• Problem to solve:
Every line of the entries with the word "dots" in it should be shown.
Recorded data START
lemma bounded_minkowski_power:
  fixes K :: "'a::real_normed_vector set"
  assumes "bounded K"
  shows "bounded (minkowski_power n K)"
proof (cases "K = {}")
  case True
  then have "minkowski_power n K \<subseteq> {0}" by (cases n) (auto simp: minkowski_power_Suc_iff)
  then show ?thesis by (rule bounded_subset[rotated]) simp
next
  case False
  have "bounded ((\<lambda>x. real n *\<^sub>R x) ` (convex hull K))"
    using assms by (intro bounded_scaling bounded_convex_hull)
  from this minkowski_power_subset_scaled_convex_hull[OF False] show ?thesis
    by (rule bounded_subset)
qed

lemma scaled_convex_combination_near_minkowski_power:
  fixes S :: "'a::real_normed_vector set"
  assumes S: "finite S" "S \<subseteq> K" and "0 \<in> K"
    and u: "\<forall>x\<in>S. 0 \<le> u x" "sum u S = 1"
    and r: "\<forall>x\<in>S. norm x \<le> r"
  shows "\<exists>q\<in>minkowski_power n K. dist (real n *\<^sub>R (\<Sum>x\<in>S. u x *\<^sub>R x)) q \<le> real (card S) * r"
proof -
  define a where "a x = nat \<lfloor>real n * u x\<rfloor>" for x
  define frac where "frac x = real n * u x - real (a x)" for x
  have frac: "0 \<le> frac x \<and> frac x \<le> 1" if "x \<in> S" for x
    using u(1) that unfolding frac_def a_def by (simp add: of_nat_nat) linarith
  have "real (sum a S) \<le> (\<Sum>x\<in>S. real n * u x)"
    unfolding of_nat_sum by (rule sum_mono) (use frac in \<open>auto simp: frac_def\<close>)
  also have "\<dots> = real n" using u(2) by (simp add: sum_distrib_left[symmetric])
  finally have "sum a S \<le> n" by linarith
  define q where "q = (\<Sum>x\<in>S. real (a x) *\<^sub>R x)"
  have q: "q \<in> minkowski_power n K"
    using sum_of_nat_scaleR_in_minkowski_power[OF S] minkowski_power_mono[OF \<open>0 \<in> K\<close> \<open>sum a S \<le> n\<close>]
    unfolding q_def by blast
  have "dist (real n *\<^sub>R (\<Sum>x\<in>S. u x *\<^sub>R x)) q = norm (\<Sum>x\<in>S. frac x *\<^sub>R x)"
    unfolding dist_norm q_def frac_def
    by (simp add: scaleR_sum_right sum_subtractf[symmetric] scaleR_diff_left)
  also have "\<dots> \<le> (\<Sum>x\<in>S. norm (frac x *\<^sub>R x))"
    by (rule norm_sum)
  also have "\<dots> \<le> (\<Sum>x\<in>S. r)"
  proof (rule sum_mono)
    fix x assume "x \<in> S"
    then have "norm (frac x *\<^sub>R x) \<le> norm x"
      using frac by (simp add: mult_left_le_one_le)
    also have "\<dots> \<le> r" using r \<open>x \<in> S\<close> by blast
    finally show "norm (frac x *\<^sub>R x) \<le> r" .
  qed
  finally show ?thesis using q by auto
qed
Recorded data END
Recorded data START
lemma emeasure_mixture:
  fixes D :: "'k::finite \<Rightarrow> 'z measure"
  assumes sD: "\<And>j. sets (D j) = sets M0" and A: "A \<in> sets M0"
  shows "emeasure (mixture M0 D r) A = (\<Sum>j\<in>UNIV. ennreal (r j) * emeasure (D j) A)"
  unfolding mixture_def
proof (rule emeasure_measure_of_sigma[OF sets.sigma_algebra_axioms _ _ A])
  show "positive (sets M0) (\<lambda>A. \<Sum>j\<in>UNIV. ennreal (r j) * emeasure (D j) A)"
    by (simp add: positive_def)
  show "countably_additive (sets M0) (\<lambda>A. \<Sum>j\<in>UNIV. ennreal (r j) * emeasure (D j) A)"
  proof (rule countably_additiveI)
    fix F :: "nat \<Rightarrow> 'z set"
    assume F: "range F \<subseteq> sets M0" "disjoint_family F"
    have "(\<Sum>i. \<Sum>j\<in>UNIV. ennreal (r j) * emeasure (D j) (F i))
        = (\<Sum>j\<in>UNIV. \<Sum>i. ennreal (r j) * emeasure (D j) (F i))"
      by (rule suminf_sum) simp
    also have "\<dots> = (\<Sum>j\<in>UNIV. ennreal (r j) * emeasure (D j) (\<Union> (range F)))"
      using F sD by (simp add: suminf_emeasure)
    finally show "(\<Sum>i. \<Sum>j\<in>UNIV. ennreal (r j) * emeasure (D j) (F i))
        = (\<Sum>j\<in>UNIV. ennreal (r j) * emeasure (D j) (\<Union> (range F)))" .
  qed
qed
Recorded data END
Recorded data START
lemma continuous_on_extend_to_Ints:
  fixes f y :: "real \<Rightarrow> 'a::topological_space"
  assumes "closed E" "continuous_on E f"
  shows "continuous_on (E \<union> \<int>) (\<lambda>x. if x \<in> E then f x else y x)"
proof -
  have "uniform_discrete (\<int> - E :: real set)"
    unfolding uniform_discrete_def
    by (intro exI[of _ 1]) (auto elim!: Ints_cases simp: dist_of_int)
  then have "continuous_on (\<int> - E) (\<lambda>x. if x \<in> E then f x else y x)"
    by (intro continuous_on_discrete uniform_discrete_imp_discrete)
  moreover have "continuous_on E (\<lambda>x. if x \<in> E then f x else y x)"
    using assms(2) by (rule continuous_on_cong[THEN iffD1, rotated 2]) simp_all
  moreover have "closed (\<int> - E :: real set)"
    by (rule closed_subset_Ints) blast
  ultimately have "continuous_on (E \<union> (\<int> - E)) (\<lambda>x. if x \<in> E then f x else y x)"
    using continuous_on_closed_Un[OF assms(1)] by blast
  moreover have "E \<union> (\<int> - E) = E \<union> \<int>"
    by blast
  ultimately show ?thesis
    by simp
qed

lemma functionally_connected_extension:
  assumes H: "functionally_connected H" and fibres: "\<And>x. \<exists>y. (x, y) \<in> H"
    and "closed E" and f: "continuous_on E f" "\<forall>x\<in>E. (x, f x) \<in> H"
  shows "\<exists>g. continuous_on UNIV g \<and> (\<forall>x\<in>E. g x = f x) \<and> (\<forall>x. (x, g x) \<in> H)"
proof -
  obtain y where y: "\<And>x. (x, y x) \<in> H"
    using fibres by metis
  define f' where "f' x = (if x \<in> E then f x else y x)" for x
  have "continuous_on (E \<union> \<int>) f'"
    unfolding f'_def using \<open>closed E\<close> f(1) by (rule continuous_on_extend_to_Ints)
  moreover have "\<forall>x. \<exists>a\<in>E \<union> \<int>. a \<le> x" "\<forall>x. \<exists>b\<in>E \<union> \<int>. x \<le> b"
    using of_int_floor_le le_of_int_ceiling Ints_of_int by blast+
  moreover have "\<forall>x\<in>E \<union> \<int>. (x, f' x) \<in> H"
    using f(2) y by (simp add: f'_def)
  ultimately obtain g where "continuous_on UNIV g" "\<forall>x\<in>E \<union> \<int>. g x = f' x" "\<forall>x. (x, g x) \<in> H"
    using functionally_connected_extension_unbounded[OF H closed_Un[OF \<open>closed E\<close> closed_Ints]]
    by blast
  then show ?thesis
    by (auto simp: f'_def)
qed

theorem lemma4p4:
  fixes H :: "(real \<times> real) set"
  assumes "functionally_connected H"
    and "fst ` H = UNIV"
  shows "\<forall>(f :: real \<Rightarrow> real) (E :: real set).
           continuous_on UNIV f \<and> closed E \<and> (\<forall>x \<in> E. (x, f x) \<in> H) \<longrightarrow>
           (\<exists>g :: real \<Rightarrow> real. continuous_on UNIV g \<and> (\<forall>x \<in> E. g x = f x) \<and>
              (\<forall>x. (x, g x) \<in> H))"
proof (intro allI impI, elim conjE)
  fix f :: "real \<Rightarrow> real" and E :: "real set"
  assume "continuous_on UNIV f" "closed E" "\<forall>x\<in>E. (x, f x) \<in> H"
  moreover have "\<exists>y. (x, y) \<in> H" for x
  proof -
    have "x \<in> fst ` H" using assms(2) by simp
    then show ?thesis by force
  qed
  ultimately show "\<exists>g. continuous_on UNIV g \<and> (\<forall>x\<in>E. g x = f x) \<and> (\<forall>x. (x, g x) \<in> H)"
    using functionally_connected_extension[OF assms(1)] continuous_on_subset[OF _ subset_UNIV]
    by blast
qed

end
Recorded data END
• Solution for this problem:
  also have "\<dots> = real n" using u(2) by (simp add: sum_distrib_left[symmetric])
  also have "\<dots> \<le> (\<Sum>x\<in>S. norm (frac x *\<^sub>R x))"
  also have "\<dots> \<le> (\<Sum>x\<in>S. r)"
    also have "\<dots> \<le> r" using r \<open>x \<in> S\<close> by blast
    also have "\<dots> = (\<Sum>j\<in>UNIV. ennreal (r j) * emeasure (D j) (\<Union> (range F)))"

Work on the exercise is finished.